# EOS 5D Mark IV Tutorials - Canon Videos



## xps (Jan 7, 2017)

I found it on antother rumor site, that´s name is blocked here:

EOS 5D Mark IV Tutorials
http://www.learn.usa.canon.com/galleries/galleries/tutorials/eos_5d_markiv_tutorials.shtml


Maybe it will be helpful for us Mark Iv owners.


----------



## nda (Jan 8, 2017)

xps said:


> I found it on antother rumor site, that´s name is blocked here:
> 
> EOS 5D Mark IV Tutorials
> http://www.learn.usa.canon.com/galleries/galleries/tutorials/eos_5d_markiv_tutorials.shtml
> ...



thanks for posting, that new af area select button is a fantastic addition to the 5d4 8)


----------



## YuengLinger (Jan 8, 2017)

nda said:


> xps said:
> 
> 
> > I found it on antother rumor site, that´s name is blocked here:
> ...



Please tell us you're being sarcastic.

XPS--Thank you!


----------



## Maiaibing (Jan 8, 2017)

YuengLinger said:


> nda said:
> 
> 
> > thanks for posting, that new af area select button is a fantastic addition to the 5d4 8)
> ...


Was puzzeld at first, but certainly works for me.

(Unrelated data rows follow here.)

text \<open>Line integral of P dx + Q dy along the circle arc x = r sin t, y = r cos t,
  t from a to b (increasing t = clockwise orientation).\<close>
definition arc_int :: "(real \<Rightarrow> real \<Rightarrow> real) \<Rightarrow> (real \<Rightarrow> real \<Rightarrow> real)
    \<Rightarrow> real \<Rightarrow> real \<Rightarrow> real \<Rightarrow> real" where
  "arc_int P Q r a b = integral {a..b}
     (\<lambda>t. P (r * sin t) (r * cos t) * (r * cos t) + Q (r * sin t) (r * cos t) * (- r * sin t))"

text \<open>Angles of B = (u, u^m) and A = (-u, (-u)^m) on the circle of radius sqrt h.\<close>
definition angB :: "nat \<Rightarrow> real \<Rightarrow> real" where
  "angB m h = arccos (uu m h ^ m / sqrt h)"

definition angA :: "nat \<Rightarrow> real \<Rightarrow> real" where
  "angA m h = - arccos ((- uu m h) ^ m / sqrt h)"

text \<open>Integral over L_h^+ (clockwise from A to B, in y \<ge> x^m) and over
  L_h^- (clockwise from B to A, in y \<le> x^m).\<close>
definition int_plus :: "nat \<Rightarrow> (real \<Rightarrow> real \<Rightarrow> real) \<Rightarrow> (real \<Rightarrow> real \<Rightarrow> real) \<Rightarrow> real \<Rightarrow> real" where
  "int_plus m P Q h = arc_int P Q (sqrt h) (angA m h) (angB m h)"

definition int_minus :: "nat \<Rightarrow> (real \<Rightarrow> real \<Rightarrow> real) \<Rightarrow> (real \<Rightarrow> real \<Rightarrow> real) \<Rightarrow> real \<Rightarrow> real" where
  "int_minus m P Q h = arc_int P Q (sqrt h) (angB m h) (angA m h + 2 * pi)"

Rather miss it on my 5DS/R now.


----------



## YuengLinger (Jan 9, 2017)

Maiaibing said:


> YuengLinger said:
> 
> 
> > nda said:
> ...



I'll give it another try, but my fingers keep using the same combo as on the 5DIII. Plus it is right there by my cheek...

Point is, "fantastic addition" seems a little bit over the top. Just another button that only has a few assignment choices.


----------



## nda (Jan 10, 2017)

YuengLinger said:


> Maiaibing said:
> 
> 
> > YuengLinger said:
> ...



yes give it another try, it took me a while also, but once mastered its great, every pro body should have it


----------